# Another Home Brew linear bow press



## Paul S. (Sep 14, 2003)

Thats cool Ten. I'll take 2.


----------



## Tenspot (Mar 23, 2004)

Paul S. said:


> Thats cool Ten. I'll take 2.


Thanks bud!

You're in luck, they are sale this week for $1300 each 




Oh I am sorry, thats the new Apple press.. :chortle:


----------



## dwagoner (Sep 27, 2007)

LOL looks good, i was just over at a buddies and were making a press for him also. Those fingers look cool how did you make those?? were kinda stuck on what to do with them as the rest is pretty much straight foreward. Maybe a few close up pics at different views??


----------



## Tenspot (Mar 23, 2004)

dwagoner said:


> LOL looks good, i was just over at a buddies and were making a press for him also. Those fingers look cool how did you make those?? were kinda stuck on what to do with them as the rest is pretty much straight foreward. Maybe a few close up pics at different views??


I laser cut the fingers at work, I work in the largest contract laser shop in the US, 40 machines


----------



## Dthbyhoyt (Dec 4, 2004)

Looks great ...


----------



## dwagoner (Sep 27, 2007)

Tenspot said:


> I laser cut the fingers at work, I work in the largest contract laser shop in the US, 40 machines


thats an awesome idea, we have one at work also, work at a USMC base and i could have some make no problems. may have to keep that in mind. Could make them look super clean and super strong since there one piece and not welded at all.


----------



## b77wolf (Jan 2, 2006)

so how much for a set of fingers?????


----------



## JWT (Jan 3, 2006)

I'm intrested in a set of fingers as well.


----------



## Hoser16 (Jan 6, 2009)

Sweet!


----------



## Tenspot (Mar 23, 2004)

I'll look and see if I saved the program for the fingers.


----------



## tjandy (Jun 10, 2005)

You better send me one to test for ya. :thumb: 
Very nice my friend.


----------



## c'dn-eh? (Feb 23, 2005)

Interested in a set of fingers also!!!:darkbeer:


----------



## revj (Oct 7, 2003)

Very nice:d


----------



## John Doe (Aug 3, 2005)

If you find that program for the fingers, I'd be very interested in a set as well :teeth:

John


----------



## 60X (Nov 8, 2002)

Fingers hell I"ll buy a whole press


----------



## Hoosieroutdoors (Jan 14, 2006)

This may sound like a silly question but what keeps the bow from sliding downwards? I see the tabs at the top of the fingers will keep it from sliding up but if the fingers are straight if the limbs have some or any curvature to them won`t they tend to be squeezed downward? Or is it just the pressing tension that holds them in the press? Have thought about making 1 like this as it looks simple and would handle about any bow but want to make sure of all ends before i do so.


----------



## Koorsboom (Dec 13, 2008)

Maybe a silly question, but the angle of the PSE X Force limb tips make me wonder - Will these presses also be suitable for bows with X Force type limb tip angles?


----------



## jshmrry (Dec 30, 2008)

actually the last chance e-z press is recomended to press the x-force bows and other presses will void the warranty on the x-force


----------



## CR337 (Feb 3, 2006)

I'll take a press tooooo, bump the fingers.


----------



## Hoosieroutdoors (Jan 14, 2006)

What are the dimensions for the fingers? I can have a fab shop I worked at cut me a set, just need to know how thick and how long? They look like 5/16 thick and about a 6 inch straight?


----------



## Tenspot (Mar 23, 2004)

Hoosieroutdoors said:


> What are the dimensions for the fingers? I can have a fab shop I worked at cut me a set, just need to know how thick and how long? They look like 5/16 thick and about a 6 inch straight?

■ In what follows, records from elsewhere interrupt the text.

lemma nn_integral_lborel_norm_square:
  fixes F :: "real \<Rightarrow> ennreal"
  defines "d \<equiv> real DIM('a::euclidean_space)"
  assumes [measurable]: "F \<in> borel_measurable borel"
  shows "(\<integral>\<^sup>+x. F ((norm x)\<^sup>2) \<partial>(lborel :: 'a measure)) =
    (\<integral>\<^sup>+v. ennreal (indicator {0<..} v * (pi powr (d/2) / Gamma (d/2) * v powr (d/2 - 1))) * F v \<partial>lborel)"
proof -
  have "(\<integral>\<^sup>+x. F ((norm x)\<^sup>2) \<partial>(lborel :: 'a measure)) = (\<integral>\<^sup>+v. F v \<partial>distr lborel borel (\<lambda>x::'a. (norm x)\<^sup>2))"
    by (simp add: nn_integral_distr)
  also have "\<dots> = (\<integral>\<^sup>+v. ennreal (indicator {0<..} v * (pi powr (d/2) / Gamma (d/2) * v powr (d/2 - 1))) * F v \<partial>lborel)"
    unfolding distr_lborel_norm_square d_def by (subst nn_integral_density) auto
  finally show ?thesis .
qed

lemma nn_integral_lborel_normalised_radial:
  fixes h :: "real \<Rightarrow> real"
  defines "d \<equiv> real DIM('a::euclidean_space)"
  assumes [measurable]: "h \<in> borel_measurable borel"
    and "(\<integral>\<^sup>+x. ennreal (h ((norm x)\<^sup>2)) \<partial>(lborel :: 'a measure)) = 1"
  shows "(\<integral>\<^sup>+u. ennreal (indicator {0<..} u * u powr (d/2 - 1)) * ennreal (h u) \<partial>lborel) =
    ennreal (Gamma (d/2) / pi powr (d/2))"
proof -
  define c where "c = pi powr (d/2) / Gamma (d/2)"
  have "c > 0"
    unfolding c_def d_def by (intro divide_pos_pos Gamma_real_pos) auto
  have "1 = (\<integral>\<^sup>+x. ennreal (h ((norm x)\<^sup>2)) \<partial>(lborel :: 'a measure))"
    using assms(3) ..
  also have "\<dots> = (\<integral>\<^sup>+v. ennreal (indicator {0<..} v * (c * v powr (d/2 - 1))) * ennreal (h v) \<partial>lborel)"
    unfolding c_def d_def by (rule nn_integral_lborel_norm_square) measurable
  also have "\<dots> = ennreal c * (\<integral>\<^sup>+u. ennreal (indicator {0<..} u * u powr (d/2 - 1)) * ennreal (h u) \<partial>lborel)"
    (is "_ = ennreal c * ?J")
    using \<open>c > 0\<close> by (subst nn_integral_cmult[symmetric])
      (auto intro!: nn_integral_cong simp: ennreal_mult' mult_ac split: split_indicator)
  finally have normalised: "ennreal c * ?J = 1" ..
  have "?J = ennreal (1/c) * (ennreal c * ?J)"
    using \<open>c > 0\<close> by (simp add: ennreal_mult[symmetric] mult.assoc[symmetric])
  then show ?thesis
    unfolding normalised by (simp add: c_def)
qed

lemma nn_integral_powr_dilation:
  fixes f :: "real \<Rightarrow> ennreal"
  assumes [measurable]: "f \<in> borel_measurable borel" and "k > 0"
  shows "(\<integral>\<^sup>+v. ennreal (indicator {0<..} v * v powr (a - 1)) * f (v * k) \<partial>lborel) =
    ennreal (k powr (- a)) * (\<integral>\<^sup>+u. ennreal (indicator {0<..} u * u powr (a - 1)) * f u \<partial>lborel)"
proof -
  have "(\<integral>\<^sup>+v. ennreal (indicator {0<..} v * v powr (a - 1)) * f (v * k) \<partial>lborel) =
      ennreal \<bar>1/k\<bar> * (\<integral>\<^sup>+u. ennreal (indicator {0<..} (0 + 1/k * u) * (0 + 1/k * u) powr (a - 1)) *
        f ((0 + 1/k * u) * k) \<partial>lborel)"
    using \<open>k > 0\<close> by (intro nn_integral_real_affine) auto
  also have "\<dots> = (\<integral>\<^sup>+u. ennreal (k powr (- a)) * (ennreal (indicator {0<..} u * u powr (a - 1)) * f u) \<partial>lborel)"
  proof (subst nn_integral_cmult[symmetric], measurable, intro nn_integral_cong)
    fix u :: real
    have "1/k * (1/k * u) powr (a - 1) = k powr (- a) * u powr (a - 1)" if "u > 0"
      using that \<open>k > 0\<close> by (simp add: powr_divide powr_diff powr_minus field_simps)
    then show "ennreal \<bar>1/k\<bar> * (ennreal (indicator {0<..} (0 + 1/k * u) * (0 + 1/k * u) powr (a - 1)) *
        f ((0 + 1/k * u) * k)) = ennreal (k powr (- a)) * (ennreal (indicator {0<..} u * u powr (a - 1)) * f u)"
      using \<open>k > 0\<close> by (auto simp: ennreal_mult'[symmetric] mult.assoc[symmetric] zero_less_divide_iff split: split_indicator)
  qed
  finally show ?thesis
    by (simp add: nn_integral_cmult)
qed

section \<open>Fibrewise substitutions for Lebesgue measure on products\<close>

lemma nn_integral_lborel_scale:
  fixes F :: "'a::euclidean_space \<Rightarrow> ennreal"
  assumes [measurable]: "F \<in> borel_measurable borel" and "c > 0"
  shows "(\<integral>\<^sup>+x. F x \<partial>lborel) = ennreal (c ^ DIM('a)) * (\<integral>\<^sup>+x. F (c *\<^sub>R x) \<partial>lborel)"
  using \<open>c > 0\<close> by (subst lborel_affine[of c 0])
    (simp_all add: nn_integral_density nn_integral_distr nn_integral_cmult)

lemma nn_integral_lborel_prod_fst:
  fixes f :: "'a::euclidean_space \<times> 'b::euclidean_space \<Rightarrow> ennreal"
  assumes "f \<in> borel_measurable borel"
  shows "(\<integral>\<^sup>+p. f p \<partial>lborel) = (\<integral>\<^sup>+x. \<integral>\<^sup>+y. f (x, y) \<partial>lborel \<partial>lborel)"
proof -
  have "f \<in> borel_measurable (lborel \<Otimes>\<^sub>M lborel)"
    using assms by (simp add: lborel_prod)
  then show ?thesis
    using lborel.nn_integral_fst[of f lborel] by (simp add: lborel_prod)
qed

lemma nn_integral_lborel_prod_snd:
  fixes f :: "'a::euclidean_space \<times> 'b::euclidean_space \<Rightarrow> ennreal"
  assumes "f \<in> borel_measurable borel"
  shows "(\<integral>\<^sup>+p. f p \<partial>lborel) = (\<integral>\<^sup>+y. \<integral>\<^sup>+x. f (x, y) \<partial>lborel \<partial>lborel)"
  using assms pair_sigma_finite.nn_integral_snd[of lborel lborel f]
  by (simp add: lborel_prod pair_sigma_finite_def lborel.sigma_finite_measure_axioms)

lemma nn_integral_lborel_prod_cong_fst:
  fixes f :: "'a::euclidean_space \<times> 'b::euclidean_space \<Rightarrow> ennreal"
    and g :: "'a \<times> 'c::euclidean_space \<Rightarrow> ennreal"
  assumes "f \<in> borel_measurable borel" "g \<in> borel_measurable borel"
    and "\<And>x. (\<integral>\<^sup>+y. f (x, y) \<partial>lborel) = (\<integral>\<^sup>+y. g (x, y) \<partial>lborel)"
  shows "(\<integral>\<^sup>+p. f p \<partial>lborel) = (\<integral>\<^sup>+p. g p \<partial>lborel)"
  using assms by (simp add: nn_integral_lborel_prod_fst)

lemma nn_integral_lborel_prod_cong_snd:
  fixes f :: "'a::euclidean_space \<times> 'c::euclidean_space \<Rightarrow> ennreal"
    and g :: "'b::euclidean_space \<times> 'c \<Rightarrow> ennreal"
  assumes "f \<in> borel_measurable borel" "g \<in> borel_measurable borel"
    and "\<And>y. (\<integral>\<^sup>+x. f (x, y) \<partial>lborel) = (\<integral>\<^sup>+x. g (x, y) \<partial>lborel)"
  shows "(\<integral>\<^sup>+p. f p \<partial>lborel) = (\<integral>\<^sup>+p. g p \<partial>lborel)"
  using assms by (simp add: nn_integral_lborel_prod_snd)

lemma nn_integral_lborel_prod_scale_fst:
  fixes G :: "'a::euclidean_space \<times> 'b::euclidean_space \<Rightarrow> ennreal"
  assumes G: "G \<in> borel_measurable borel" and "c > 0"
  shows "(\<integral>\<^sup>+p. G p \<partial>lborel) = ennreal (c ^ DIM('a)) * (\<integral>\<^sup>+p. G (c *\<^sub>R fst p, snd p) \<partial>lborel)"
proof -
  have [measurable]: "(\<lambda>x. \<integral>\<^sup>+y. G (x, y) \<partial>lborel) \<in> borel_measurable borel"
    "(\<lambda>p. G (c *\<^sub>R fst p, snd p)) \<in> borel_measurable borel"
    using G unfolding borel_prod[symmetric] by measurable
  have "(\<integral>\<^sup>+p. G p \<partial>lborel) = (\<integral>\<^sup>+x. \<integral>\<^sup>+y. G (x, y) \<partial>lborel \<partial>lborel)"
    using G by (rule nn_integral_lborel_prod_fst)
  also have "\<dots> = ennreal (c ^ DIM('a)) * (\<integral>\<^sup>+x. \<integral>\<^sup>+y. G (c *\<^sub>R x, y) \<partial>lborel \<partial>lborel)"
    using \<open>c > 0\<close> by (rule nn_integral_lborel_scale[rotated]) measurable
  finally show ?thesis
    by (simp add: nn_integral_lborel_prod_fst)
qed

lemma nn_integral_lborel_prod_scale_snd:
  fixes G :: "'a::euclidean_space \<times> 'b::euclidean_space \<Rightarrow> ennreal"
  assumes G: "G \<in> borel_measurable borel" and "c > 0"
  shows "(\<integral>\<^sup>+p. G p \<partial>lborel) = ennreal (c ^ DIM('b)) * (\<integral>\<^sup>+p. G (fst p, c *\<^sub>R snd p) \<partial>lborel)"
proof -
  have [measurable]: "(\<lambda>y. \<integral>\<^sup>+x. G (x, y) \<partial>lborel) \<in> borel_measurable borel"
    "(\<lambda>p. G (fst p, c *\<^sub>R snd p)) \<in> borel_measurable borel"
    using G unfolding borel_prod[symmetric] by measurable
  have "(\<integral>\<^sup>+p. G p \<partial>lborel) = (\<integral>\<^sup>+y. \<integral>\<^sup>+x. G (x, y) \<partial>lborel \<partial>lborel)"
    using G by (rule nn_integral_lborel_prod_snd)
  also have "\<dots> = ennreal (c ^ DIM('b)) * (\<integral>\<^sup>+y. \<integral>\<^sup>+x. G (x, c *\<^sub>R y) \<partial>lborel \<partial>lborel)"
    using \<open>c > 0\<close> by (rule nn_integral_lborel_scale[rotated]) measurable
  finally show ?thesis
    by (simp add: nn_integral_lborel_prod_snd)
qed

lemma nn_integral_lborel_norm_square_fst:
  fixes F :: "real \<times> 'b::euclidean_space \<Rightarrow> ennreal"
  defines "d \<equiv> real DIM('a::euclidean_space)"
  assumes F: "F \<in> borel_measurable borel"
  shows "(\<integral>\<^sup>+p. F ((norm (fst p))\<^sup>2, snd p) \<partial>(lborel :: ('a \<times> 'b) measure)) =
    (\<integral>\<^sup>+q. ennreal (indicator {0<..} (fst q) * (pi powr (d/2) / Gamma (d/2) * fst q powr (d/2 - 1))) * F q \<partial>lborel)"
proof (rule nn_integral_lborel_prod_cong_snd)
  show "(\<lambda>p::'a \<times> 'b. F ((norm (fst p))\<^sup>2, snd p)) \<in> borel_measurable borel"
    "(\<lambda>q. ennreal (indicator {0<..} (fst q) * (pi powr (d/2) / Gamma (d/2) * fst q powr (d/2 - 1))) * F q) \<in> borel_measurable borel"
    using F unfolding borel_prod[symmetric] by measurable
  fix y :: 'b
  have [measurable]: "(\<lambda>v. F (v, y)) \<in> borel_measurable borel"
    using F unfolding borel_prod[symmetric] by measurable
  show "(\<integral>\<^sup>+x. F ((norm (fst (x, y)))\<^sup>2, snd (x, y)) \<partial>(lborel :: 'a measure)) =
    (\<integral>\<^sup>+v. ennreal (indicator {0<..} (fst (v, y)) * (pi powr (d/2) / Gamma (d/2) * fst (v, y) powr (d/2 - 1))) * F (v, y) \<partial>lborel)"
    unfolding fst_conv snd_conv d_def by (rule nn_integral_lborel_norm_square) measurable
qed

lemma nn_integral_lborel_scale_fibre_fst:
  fixes F :: "real \<times> 'a::euclidean_space \<times> 'b::euclidean_space \<Rightarrow> ennreal"
  assumes F: "F \<in> borel_measurable borel" and vanish: "\<And>p. fst p \<le> 0 \<Longrightarrow> F p = 0"
  shows "(\<integral>\<^sup>+p. F p \<partial>lborel) =
    (\<integral>\<^sup>+p. ennreal (fst p powr (DIM('a) / 2)) * F (fst p, sqrt (fst p) *\<^sub>R fst (snd p), snd (snd p)) \<partial>lborel)"
proof (rule nn_integral_lborel_prod_cong_fst)
  show "F \<in> borel_measurable borel"
    "(\<lambda>p. ennreal (fst p powr (DIM('a) / 2)) * F (fst p, sqrt (fst p) *\<^sub>R fst (snd p), snd (snd p))) \<in> borel_measurable borel"
    using F unfolding borel_prod[symmetric] by measurable
  fix v :: real
  have [measurable]: "(\<lambda>y. F (v, y)) \<in> borel_measurable borel"
    "(\<lambda>y. F (v, sqrt v *\<^sub>R fst y, snd y)) \<in> borel_measurable borel"
    using F unfolding borel_prod[symmetric] by measurable
  show "(\<integral>\<^sup>+y. F (v, y) \<partial>lborel) =
    (\<integral>\<^sup>+y. ennreal (fst (v, y) powr (DIM('a) / 2)) * F (fst (v, y), sqrt (fst (v, y)) *\<^sub>R fst (snd (v, y)), snd (snd (v, y))) \<partial>lborel)"
  proof (cases "v > 0")
    case True
    have "(\<integral>\<^sup>+y. F (v, y) \<partial>lborel) = ennreal (sqrt v ^ DIM('a)) * (\<integral>\<^sup>+y. F (v, sqrt v *\<^sub>R fst y, snd y) \<partial>lborel)"
      using True by (intro nn_integral_lborel_prod_scale_fst) auto
    with True show ?thesis
      by (simp add: nn_integral_cmult sqrt_power_eq_powr)
  qed (simp add: vanish)
qed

6" will work. I would go 3/8" - 1/2 on the fingers just for more bearing area. I am collecting parts for press #2 right now.


----------



## rand_98201 (Sep 24, 2008)

did you keep a list of the materials that you used to build the press? I was also wondering if you have an estimate as to how much it cost to build? I am pretty good at building things but I am not the best fabricator.So if you could give me a couple ideas I would appreciate it.


----------